- [TO DO]: The output is the lines below from the one with "set) \<Rightarrow> nat" through the one with "1 \<le> n i) \<and>", both included, printed exactly and with no other line.

- [DATA TO PROCESS]:
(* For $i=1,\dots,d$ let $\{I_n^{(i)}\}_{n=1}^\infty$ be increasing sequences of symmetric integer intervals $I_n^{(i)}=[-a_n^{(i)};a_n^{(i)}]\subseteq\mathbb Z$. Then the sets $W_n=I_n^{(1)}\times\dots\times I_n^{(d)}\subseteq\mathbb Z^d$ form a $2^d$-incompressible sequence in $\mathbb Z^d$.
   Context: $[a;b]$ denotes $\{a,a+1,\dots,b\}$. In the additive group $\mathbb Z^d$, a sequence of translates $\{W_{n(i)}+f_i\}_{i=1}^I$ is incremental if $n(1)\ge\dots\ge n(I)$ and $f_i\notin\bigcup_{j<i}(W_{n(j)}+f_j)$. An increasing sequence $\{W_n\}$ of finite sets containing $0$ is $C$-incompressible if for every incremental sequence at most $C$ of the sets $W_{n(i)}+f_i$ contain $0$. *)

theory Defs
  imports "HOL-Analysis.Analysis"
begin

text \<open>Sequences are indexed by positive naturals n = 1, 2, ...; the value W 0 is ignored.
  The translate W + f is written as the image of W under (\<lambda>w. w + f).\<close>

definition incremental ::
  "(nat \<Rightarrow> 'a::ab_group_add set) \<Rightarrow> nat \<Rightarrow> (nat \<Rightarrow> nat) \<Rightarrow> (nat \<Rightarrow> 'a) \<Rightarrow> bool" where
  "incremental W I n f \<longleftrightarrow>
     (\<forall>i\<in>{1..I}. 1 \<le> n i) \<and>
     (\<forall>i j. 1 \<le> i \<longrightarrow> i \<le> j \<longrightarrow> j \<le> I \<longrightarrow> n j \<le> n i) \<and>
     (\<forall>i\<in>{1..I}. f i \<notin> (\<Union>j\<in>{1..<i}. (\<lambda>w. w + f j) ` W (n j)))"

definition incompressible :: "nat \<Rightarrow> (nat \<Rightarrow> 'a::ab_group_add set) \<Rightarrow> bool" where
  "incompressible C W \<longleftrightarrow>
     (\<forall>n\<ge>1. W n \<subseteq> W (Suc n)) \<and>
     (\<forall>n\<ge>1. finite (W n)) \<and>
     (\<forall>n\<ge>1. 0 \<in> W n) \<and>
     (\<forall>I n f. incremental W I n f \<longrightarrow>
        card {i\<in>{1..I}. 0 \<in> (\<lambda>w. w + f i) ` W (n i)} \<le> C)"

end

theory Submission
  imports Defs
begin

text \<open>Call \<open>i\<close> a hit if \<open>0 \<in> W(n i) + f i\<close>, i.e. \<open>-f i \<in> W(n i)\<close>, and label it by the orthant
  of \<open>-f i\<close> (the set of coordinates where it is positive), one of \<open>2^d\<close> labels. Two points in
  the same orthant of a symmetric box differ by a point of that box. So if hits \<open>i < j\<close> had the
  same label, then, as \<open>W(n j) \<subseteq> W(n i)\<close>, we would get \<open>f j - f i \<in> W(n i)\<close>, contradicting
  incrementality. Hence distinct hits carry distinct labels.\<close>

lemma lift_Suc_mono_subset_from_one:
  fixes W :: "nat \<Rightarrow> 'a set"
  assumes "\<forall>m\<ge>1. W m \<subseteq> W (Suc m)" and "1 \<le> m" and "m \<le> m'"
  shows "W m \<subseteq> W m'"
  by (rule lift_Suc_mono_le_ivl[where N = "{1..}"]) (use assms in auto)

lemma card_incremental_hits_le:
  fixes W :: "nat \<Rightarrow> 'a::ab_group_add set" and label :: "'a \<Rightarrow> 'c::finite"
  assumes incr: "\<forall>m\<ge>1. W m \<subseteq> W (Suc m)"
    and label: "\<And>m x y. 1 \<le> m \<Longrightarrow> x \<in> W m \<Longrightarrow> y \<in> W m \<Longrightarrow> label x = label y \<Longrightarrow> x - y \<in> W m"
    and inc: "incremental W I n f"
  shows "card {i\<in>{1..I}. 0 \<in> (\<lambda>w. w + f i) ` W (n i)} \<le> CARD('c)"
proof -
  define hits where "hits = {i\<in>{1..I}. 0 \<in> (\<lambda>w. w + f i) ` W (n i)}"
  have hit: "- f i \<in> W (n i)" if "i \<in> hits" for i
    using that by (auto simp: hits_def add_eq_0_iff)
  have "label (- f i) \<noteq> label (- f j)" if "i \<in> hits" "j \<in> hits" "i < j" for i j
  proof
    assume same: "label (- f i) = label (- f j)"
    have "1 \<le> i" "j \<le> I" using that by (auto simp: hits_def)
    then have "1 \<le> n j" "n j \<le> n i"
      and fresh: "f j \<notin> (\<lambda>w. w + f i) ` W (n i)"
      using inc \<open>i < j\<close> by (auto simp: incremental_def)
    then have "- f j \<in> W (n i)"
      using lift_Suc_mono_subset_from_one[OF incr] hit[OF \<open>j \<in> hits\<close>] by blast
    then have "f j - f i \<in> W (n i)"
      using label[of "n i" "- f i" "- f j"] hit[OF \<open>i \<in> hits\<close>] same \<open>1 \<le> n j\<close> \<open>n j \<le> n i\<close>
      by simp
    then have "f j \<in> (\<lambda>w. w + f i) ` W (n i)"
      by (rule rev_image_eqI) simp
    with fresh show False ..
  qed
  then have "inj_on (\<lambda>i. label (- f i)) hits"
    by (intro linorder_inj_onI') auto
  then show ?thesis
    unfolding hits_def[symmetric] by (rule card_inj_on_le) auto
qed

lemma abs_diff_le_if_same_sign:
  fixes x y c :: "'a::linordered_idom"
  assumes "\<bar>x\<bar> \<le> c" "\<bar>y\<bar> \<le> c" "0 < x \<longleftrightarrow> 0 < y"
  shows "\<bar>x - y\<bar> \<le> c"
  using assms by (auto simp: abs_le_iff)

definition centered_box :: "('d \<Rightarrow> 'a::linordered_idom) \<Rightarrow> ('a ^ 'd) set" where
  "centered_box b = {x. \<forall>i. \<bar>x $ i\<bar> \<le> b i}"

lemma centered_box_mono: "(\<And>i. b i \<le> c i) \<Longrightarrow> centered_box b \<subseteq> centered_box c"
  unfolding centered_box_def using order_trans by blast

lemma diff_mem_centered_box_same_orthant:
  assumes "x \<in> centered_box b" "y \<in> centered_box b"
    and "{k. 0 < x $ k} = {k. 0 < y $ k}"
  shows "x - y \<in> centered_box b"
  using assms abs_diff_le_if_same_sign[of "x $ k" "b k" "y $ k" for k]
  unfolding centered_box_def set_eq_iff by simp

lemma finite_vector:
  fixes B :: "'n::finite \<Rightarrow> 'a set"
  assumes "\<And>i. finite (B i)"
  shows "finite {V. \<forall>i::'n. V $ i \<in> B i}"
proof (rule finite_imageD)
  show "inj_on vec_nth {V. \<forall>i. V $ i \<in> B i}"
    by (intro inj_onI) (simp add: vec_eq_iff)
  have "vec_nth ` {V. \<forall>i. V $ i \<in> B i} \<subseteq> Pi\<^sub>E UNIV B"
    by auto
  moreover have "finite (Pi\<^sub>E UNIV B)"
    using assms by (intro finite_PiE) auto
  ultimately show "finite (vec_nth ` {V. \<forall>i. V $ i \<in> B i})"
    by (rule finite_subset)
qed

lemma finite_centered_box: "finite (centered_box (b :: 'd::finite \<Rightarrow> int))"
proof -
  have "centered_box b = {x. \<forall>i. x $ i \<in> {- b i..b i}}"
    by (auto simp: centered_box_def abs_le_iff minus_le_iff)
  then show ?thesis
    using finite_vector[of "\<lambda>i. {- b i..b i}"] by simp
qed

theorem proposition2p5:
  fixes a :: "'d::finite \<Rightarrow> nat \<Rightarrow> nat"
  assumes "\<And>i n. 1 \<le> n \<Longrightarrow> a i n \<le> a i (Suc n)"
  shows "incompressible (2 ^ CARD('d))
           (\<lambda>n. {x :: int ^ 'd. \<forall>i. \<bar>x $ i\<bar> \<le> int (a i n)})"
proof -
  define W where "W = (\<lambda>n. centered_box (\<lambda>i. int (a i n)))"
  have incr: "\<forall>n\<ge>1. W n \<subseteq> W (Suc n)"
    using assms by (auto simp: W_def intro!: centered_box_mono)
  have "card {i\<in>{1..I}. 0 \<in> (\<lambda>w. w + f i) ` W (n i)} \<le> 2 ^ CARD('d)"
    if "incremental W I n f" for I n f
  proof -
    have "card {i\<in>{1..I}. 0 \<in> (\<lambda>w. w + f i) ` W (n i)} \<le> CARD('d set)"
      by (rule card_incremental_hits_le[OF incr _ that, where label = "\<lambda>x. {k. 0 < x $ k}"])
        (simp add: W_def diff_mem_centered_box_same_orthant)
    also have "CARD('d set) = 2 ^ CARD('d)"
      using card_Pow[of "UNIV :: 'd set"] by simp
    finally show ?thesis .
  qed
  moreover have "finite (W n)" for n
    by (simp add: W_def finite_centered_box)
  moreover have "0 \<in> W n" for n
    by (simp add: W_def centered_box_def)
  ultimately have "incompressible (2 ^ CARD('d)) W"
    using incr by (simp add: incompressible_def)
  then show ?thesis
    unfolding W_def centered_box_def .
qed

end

- [RESULT BELOW]:
  "(nat \<Rightarrow> 'a::ab_group_add set) \<Rightarrow> nat \<Rightarrow> (nat \<Rightarrow> nat) \<Rightarrow> (nat \<Rightarrow> 'a) \<Rightarrow> bool" where
  "incremental W I n f \<longleftrightarrow>
     (\<forall>i\<in>{1..I}. 1 \<le> n i) \<and>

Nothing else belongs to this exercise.